**Task goal**
Check every line of the data below for "grad". Copy each one that has it.

**Dataset entries**
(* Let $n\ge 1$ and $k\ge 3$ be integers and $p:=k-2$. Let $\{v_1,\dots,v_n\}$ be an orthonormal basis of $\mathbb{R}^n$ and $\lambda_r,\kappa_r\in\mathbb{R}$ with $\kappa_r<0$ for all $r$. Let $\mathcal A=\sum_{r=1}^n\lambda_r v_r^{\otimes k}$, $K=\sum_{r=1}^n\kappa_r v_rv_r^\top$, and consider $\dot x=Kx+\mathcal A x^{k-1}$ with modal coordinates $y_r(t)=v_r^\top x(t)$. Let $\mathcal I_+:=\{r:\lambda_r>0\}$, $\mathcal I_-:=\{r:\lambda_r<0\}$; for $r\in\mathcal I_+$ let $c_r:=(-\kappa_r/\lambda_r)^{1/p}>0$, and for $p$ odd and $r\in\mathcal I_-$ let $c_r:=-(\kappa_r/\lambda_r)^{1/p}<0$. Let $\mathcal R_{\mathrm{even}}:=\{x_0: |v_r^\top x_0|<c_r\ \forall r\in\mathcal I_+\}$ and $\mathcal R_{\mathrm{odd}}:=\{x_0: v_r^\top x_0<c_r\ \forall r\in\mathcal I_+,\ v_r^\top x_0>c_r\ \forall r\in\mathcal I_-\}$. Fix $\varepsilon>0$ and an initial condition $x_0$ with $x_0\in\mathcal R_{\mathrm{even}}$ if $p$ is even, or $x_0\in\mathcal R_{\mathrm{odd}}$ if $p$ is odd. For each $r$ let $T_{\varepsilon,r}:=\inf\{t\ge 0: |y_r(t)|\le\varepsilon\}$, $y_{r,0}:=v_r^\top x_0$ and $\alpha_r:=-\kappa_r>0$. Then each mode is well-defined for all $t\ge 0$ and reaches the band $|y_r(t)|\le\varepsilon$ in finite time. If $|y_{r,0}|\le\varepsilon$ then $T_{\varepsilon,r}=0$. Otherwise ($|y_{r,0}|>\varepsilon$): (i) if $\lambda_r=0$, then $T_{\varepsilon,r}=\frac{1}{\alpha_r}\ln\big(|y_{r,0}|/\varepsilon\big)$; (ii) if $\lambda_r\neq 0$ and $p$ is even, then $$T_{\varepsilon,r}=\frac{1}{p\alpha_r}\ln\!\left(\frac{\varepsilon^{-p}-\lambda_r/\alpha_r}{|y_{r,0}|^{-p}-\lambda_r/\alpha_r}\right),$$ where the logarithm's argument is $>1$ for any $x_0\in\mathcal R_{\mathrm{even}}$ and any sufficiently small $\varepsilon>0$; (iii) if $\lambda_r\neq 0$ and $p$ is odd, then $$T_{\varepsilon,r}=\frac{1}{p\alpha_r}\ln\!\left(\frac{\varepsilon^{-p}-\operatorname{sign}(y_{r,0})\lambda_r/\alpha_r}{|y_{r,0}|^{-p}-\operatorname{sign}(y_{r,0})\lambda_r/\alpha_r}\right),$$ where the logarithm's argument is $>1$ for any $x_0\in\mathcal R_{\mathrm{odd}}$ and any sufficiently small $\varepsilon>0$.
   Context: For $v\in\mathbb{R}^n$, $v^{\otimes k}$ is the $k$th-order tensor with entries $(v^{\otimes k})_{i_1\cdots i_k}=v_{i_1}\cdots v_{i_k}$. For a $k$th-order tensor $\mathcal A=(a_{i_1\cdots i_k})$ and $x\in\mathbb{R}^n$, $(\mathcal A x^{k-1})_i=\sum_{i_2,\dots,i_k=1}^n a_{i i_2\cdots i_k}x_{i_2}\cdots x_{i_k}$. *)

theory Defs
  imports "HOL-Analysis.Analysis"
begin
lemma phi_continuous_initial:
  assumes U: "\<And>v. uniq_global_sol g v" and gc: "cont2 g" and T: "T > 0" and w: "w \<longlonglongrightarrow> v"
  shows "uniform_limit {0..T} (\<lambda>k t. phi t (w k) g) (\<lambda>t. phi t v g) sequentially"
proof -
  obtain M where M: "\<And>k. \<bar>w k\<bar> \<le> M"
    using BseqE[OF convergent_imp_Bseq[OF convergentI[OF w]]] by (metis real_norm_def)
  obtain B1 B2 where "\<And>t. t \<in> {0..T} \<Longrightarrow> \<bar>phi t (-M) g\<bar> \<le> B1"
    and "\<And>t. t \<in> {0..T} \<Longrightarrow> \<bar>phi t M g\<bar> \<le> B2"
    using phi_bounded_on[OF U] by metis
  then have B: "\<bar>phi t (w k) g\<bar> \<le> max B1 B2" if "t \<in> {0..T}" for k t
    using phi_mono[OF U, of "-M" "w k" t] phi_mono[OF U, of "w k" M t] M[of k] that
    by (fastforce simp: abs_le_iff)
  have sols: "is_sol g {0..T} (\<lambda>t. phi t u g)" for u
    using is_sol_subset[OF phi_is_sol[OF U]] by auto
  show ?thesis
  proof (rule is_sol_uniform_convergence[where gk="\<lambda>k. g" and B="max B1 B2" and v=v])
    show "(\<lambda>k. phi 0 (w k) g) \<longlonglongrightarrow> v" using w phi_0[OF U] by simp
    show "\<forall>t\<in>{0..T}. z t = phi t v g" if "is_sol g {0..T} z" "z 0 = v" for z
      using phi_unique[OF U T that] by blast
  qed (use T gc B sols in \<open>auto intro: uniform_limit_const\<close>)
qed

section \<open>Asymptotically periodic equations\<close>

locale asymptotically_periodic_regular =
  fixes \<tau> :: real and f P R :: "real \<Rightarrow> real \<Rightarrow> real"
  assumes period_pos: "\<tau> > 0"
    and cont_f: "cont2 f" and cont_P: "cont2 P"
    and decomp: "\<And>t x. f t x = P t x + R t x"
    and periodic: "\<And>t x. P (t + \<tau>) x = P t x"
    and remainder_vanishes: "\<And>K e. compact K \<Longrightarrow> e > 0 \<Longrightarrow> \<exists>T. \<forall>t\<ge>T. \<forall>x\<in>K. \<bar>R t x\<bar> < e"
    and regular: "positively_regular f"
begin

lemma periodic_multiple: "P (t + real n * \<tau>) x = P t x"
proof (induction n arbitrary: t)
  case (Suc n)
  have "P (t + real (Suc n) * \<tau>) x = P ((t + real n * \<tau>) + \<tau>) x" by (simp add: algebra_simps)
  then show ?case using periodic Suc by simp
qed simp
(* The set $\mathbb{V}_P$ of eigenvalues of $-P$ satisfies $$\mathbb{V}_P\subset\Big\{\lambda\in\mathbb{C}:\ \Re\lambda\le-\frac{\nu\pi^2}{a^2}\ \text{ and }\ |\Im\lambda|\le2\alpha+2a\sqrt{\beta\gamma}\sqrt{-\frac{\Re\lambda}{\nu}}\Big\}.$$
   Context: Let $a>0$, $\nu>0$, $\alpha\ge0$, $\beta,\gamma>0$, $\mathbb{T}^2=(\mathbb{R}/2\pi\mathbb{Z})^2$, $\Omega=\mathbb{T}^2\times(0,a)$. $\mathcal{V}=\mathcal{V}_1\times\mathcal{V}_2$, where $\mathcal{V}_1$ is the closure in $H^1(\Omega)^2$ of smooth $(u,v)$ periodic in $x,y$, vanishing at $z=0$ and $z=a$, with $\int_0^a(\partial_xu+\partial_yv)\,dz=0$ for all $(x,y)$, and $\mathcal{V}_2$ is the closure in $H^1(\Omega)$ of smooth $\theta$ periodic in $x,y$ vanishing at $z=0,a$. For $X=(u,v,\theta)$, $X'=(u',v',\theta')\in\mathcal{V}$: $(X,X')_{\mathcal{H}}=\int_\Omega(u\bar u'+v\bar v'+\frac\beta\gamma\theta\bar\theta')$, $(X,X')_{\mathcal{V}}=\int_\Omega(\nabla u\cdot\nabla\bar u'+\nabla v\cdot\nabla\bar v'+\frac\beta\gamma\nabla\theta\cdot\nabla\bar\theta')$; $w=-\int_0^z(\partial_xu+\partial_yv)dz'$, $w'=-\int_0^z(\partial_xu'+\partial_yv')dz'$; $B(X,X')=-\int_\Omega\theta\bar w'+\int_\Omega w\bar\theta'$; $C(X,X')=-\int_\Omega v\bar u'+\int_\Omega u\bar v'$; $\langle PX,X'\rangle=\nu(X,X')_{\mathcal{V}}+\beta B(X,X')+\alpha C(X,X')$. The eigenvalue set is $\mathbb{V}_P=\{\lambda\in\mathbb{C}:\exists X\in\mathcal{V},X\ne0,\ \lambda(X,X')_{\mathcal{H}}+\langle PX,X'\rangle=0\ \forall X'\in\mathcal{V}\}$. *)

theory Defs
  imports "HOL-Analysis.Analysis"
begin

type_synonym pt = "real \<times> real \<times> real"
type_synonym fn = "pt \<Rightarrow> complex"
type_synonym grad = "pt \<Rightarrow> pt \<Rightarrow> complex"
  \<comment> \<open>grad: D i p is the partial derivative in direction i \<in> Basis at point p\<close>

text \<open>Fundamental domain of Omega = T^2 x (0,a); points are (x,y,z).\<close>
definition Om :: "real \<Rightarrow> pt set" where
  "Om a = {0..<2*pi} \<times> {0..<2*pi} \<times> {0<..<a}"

**Answer to this exercise**
type_synonym grad = "pt \<Rightarrow> pt \<Rightarrow> complex"
  \<comment> \<open>grad: D i p is the partial derivative in direction i \<in> Basis at point p\<close>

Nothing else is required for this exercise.